## ABOUT THIS TASK
Whatever the records say, repeat them exactly as given.

## RECORDS FOR THIS EXERCISE
------
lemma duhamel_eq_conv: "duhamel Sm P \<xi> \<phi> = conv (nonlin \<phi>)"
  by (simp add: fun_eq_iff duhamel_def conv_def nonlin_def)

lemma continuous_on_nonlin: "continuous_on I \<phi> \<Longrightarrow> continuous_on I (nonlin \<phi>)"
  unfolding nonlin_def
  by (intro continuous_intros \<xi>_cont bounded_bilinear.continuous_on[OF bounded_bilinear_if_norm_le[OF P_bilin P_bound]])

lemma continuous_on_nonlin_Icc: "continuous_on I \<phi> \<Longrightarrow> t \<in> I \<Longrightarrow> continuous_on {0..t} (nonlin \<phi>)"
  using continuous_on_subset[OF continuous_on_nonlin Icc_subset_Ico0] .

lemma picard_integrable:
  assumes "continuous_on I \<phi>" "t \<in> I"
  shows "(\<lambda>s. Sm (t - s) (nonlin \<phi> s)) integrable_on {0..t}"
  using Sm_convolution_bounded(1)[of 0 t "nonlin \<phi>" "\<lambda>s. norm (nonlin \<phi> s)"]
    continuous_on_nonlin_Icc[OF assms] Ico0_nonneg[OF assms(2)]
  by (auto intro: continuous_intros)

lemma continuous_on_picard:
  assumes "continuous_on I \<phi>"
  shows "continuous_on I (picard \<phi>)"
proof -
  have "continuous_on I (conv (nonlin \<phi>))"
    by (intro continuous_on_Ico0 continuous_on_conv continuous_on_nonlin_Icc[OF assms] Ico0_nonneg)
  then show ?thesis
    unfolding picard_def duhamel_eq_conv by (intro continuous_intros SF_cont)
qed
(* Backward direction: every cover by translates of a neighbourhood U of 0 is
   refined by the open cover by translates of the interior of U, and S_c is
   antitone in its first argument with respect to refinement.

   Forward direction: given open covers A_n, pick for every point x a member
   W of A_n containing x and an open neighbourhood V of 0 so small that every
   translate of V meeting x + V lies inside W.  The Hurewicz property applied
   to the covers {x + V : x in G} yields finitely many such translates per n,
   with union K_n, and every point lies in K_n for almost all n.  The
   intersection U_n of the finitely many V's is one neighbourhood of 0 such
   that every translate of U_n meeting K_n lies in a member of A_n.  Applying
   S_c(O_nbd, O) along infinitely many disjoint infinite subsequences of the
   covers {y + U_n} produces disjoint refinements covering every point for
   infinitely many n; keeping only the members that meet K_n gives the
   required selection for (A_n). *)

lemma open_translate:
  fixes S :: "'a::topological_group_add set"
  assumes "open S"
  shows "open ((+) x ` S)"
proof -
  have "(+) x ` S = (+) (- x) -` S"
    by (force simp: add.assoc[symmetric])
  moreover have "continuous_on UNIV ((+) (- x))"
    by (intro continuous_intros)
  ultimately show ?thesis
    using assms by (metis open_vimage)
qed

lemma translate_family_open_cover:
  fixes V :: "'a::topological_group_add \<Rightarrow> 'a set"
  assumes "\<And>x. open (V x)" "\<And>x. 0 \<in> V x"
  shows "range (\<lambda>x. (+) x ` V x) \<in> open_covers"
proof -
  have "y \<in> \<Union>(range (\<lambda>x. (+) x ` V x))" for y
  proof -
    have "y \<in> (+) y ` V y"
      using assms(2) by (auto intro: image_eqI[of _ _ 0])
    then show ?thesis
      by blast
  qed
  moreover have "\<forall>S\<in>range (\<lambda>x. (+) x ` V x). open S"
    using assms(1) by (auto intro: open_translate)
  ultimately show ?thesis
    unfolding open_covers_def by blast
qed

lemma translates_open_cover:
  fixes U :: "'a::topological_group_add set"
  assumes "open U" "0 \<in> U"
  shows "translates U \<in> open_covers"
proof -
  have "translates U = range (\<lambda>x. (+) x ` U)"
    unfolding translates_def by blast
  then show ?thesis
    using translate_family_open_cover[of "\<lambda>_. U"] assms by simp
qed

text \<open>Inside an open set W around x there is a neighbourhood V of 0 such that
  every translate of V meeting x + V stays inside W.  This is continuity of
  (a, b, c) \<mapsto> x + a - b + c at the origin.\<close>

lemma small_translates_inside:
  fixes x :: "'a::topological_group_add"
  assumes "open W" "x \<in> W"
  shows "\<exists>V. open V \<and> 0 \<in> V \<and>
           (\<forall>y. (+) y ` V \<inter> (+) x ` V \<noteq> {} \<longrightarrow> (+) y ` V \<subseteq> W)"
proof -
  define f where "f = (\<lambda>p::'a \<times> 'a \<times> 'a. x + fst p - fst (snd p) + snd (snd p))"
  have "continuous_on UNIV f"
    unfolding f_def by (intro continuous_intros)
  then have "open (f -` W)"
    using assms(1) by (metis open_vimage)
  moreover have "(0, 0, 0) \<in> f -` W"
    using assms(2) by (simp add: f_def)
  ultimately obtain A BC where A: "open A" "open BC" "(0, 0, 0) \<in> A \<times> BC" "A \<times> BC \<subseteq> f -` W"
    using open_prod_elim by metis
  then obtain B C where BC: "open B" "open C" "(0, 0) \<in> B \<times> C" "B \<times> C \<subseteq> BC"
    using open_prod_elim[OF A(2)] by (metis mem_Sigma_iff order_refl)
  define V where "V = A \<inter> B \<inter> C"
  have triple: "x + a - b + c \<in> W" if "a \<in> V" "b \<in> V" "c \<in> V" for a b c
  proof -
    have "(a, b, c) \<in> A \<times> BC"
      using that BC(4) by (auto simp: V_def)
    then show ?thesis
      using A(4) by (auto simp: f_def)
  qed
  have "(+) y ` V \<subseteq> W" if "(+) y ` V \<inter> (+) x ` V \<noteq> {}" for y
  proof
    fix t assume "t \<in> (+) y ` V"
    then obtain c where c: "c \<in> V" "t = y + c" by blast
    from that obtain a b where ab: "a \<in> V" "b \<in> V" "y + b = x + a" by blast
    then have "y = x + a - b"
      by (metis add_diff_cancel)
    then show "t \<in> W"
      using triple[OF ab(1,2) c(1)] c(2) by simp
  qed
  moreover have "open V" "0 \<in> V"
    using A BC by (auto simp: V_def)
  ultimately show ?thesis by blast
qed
------
## WRITTEN ANSWER
lemma duhamel_eq_conv: "duhamel Sm P \<xi> \<phi> = conv (nonlin \<phi>)"
  by (simp add: fun_eq_iff duhamel_def conv_def nonlin_def)

lemma continuous_on_nonlin: "continuous_on I \<phi> \<Longrightarrow> continuous_on I (nonlin \<phi>)"
  unfolding nonlin_def
  by (intro continuous_intros \<xi>_cont bounded_bilinear.continuous_on[OF bounded_bilinear_if_norm_le[OF P_bilin P_bound]])

lemma continuous_on_nonlin_Icc: "continuous_on I \<phi> \<Longrightarrow> t \<in> I \<Longrightarrow> continuous_on {0..t} (nonlin \<phi>)"
  using continuous_on_subset[OF continuous_on_nonlin Icc_subset_Ico0] .

lemma picard_integrable:
  assumes "continuous_on I \<phi>" "t \<in> I"
  shows "(\<lambda>s. Sm (t - s) (nonlin \<phi> s)) integrable_on {0..t}"
  using Sm_convolution_bounded(1)[of 0 t "nonlin \<phi>" "\<lambda>s. norm (nonlin \<phi> s)"]
    continuous_on_nonlin_Icc[OF assms] Ico0_nonneg[OF assms(2)]
  by (auto intro: continuous_intros)

lemma continuous_on_picard:
  assumes "continuous_on I \<phi>"
  shows "continuous_on I (picard \<phi>)"
proof -
  have "continuous_on I (conv (nonlin \<phi>))"
    by (intro continuous_on_Ico0 continuous_on_conv continuous_on_nonlin_Icc[OF assms] Ico0_nonneg)
  then show ?thesis
    unfolding picard_def duhamel_eq_conv by (intro continuous_intros SF_cont)
qed
(* Backward direction: every cover by translates of a neighbourhood U of 0 is
   refined by the open cover by translates of the interior of U, and S_c is
   antitone in its first argument with respect to refinement.

   Forward direction: given open covers A_n, pick for every point x a member
   W of A_n containing x and an open neighbourhood V of 0 so small that every
   translate of V meeting x + V lies inside W.  The Hurewicz property applied
   to the covers {x + V : x in G} yields finitely many such translates per n,
   with union K_n, and every point lies in K_n for almost all n.  The
   intersection U_n of the finitely many V's is one neighbourhood of 0 such
   that every translate of U_n meeting K_n lies in a member of A_n.  Applying
   S_c(O_nbd, O) along infinitely many disjoint infinite subsequences of the
   covers {y + U_n} produces disjoint refinements covering every point for
   infinitely many n; keeping only the members that meet K_n gives the
   required selection for (A_n). *)

lemma open_translate:
  fixes S :: "'a::topological_group_add set"
  assumes "open S"
  shows "open ((+) x ` S)"
proof -
  have "(+) x ` S = (+) (- x) -` S"
    by (force simp: add.assoc[symmetric])
  moreover have "continuous_on UNIV ((+) (- x))"
    by (intro continuous_intros)
  ultimately show ?thesis
    using assms by (metis open_vimage)
qed

lemma translate_family_open_cover:
  fixes V :: "'a::topological_group_add \<Rightarrow> 'a set"
  assumes "\<And>x. open (V x)" "\<And>x. 0 \<in> V x"
  shows "range (\<lambda>x. (+) x ` V x) \<in> open_covers"
proof -
  have "y \<in> \<Union>(range (\<lambda>x. (+) x ` V x))" for y
  proof -
    have "y \<in> (+) y ` V y"
      using assms(2) by (auto intro: image_eqI[of _ _ 0])
    then show ?thesis
      by blast
  qed
  moreover have "\<forall>S\<in>range (\<lambda>x. (+) x ` V x). open S"
    using assms(1) by (auto intro: open_translate)
  ultimately show ?thesis
    unfolding open_covers_def by blast
qed

lemma translates_open_cover:
  fixes U :: "'a::topological_group_add set"
  assumes "open U" "0 \<in> U"
  shows "translates U \<in> open_covers"
proof -
  have "translates U = range (\<lambda>x. (+) x ` U)"
    unfolding translates_def by blast
  then show ?thesis
    using translate_family_open_cover[of "\<lambda>_. U"] assms by simp
qed

text \<open>Inside an open set W around x there is a neighbourhood V of 0 such that
  every translate of V meeting x + V stays inside W.  This is continuity of
  (a, b, c) \<mapsto> x + a - b + c at the origin.\<close>

lemma small_translates_inside:
  fixes x :: "'a::topological_group_add"
  assumes "open W" "x \<in> W"
  shows "\<exists>V. open V \<and> 0 \<in> V \<and>
           (\<forall>y. (+) y ` V \<inter> (+) x ` V \<noteq> {} \<longrightarrow> (+) y ` V \<subseteq> W)"
proof -
  define f where "f = (\<lambda>p::'a \<times> 'a \<times> 'a. x + fst p - fst (snd p) + snd (snd p))"
  have "continuous_on UNIV f"
    unfolding f_def by (intro continuous_intros)
  then have "open (f -` W)"
    using assms(1) by (metis open_vimage)
  moreover have "(0, 0, 0) \<in> f -` W"
    using assms(2) by (simp add: f_def)
  ultimately obtain A BC where A: "open A" "open BC" "(0, 0, 0) \<in> A \<times> BC" "A \<times> BC \<subseteq> f -` W"
    using open_prod_elim by metis
  then obtain B C where BC: "open B" "open C" "(0, 0) \<in> B \<times> C" "B \<times> C \<subseteq> BC"
    using open_prod_elim[OF A(2)] by (metis mem_Sigma_iff order_refl)
  define V where "V = A \<inter> B \<inter> C"
  have triple: "x + a - b + c \<in> W" if "a \<in> V" "b \<in> V" "c \<in> V" for a b c
  proof -
    have "(a, b, c) \<in> A \<times> BC"
      using that BC(4) by (auto simp: V_def)
    then show ?thesis
      using A(4) by (auto simp: f_def)
  qed
  have "(+) y ` V \<subseteq> W" if "(+) y ` V \<inter> (+) x ` V \<noteq> {}" for y
  proof
    fix t assume "t \<in> (+) y ` V"
    then obtain c where c: "c \<in> V" "t = y + c" by blast
    from that obtain a b where ab: "a \<in> V" "b \<in> V" "y + b = x + a" by blast
    then have "y = x + a - b"
      by (metis add_diff_cancel)
    then show "t \<in> W"
      using triple[OF ab(1,2) c(1)] c(2) by simp
  qed
  moreover have "open V" "0 \<in> V"
    using A BC by (auto simp: V_def)
  ultimately show ?thesis by blast
qed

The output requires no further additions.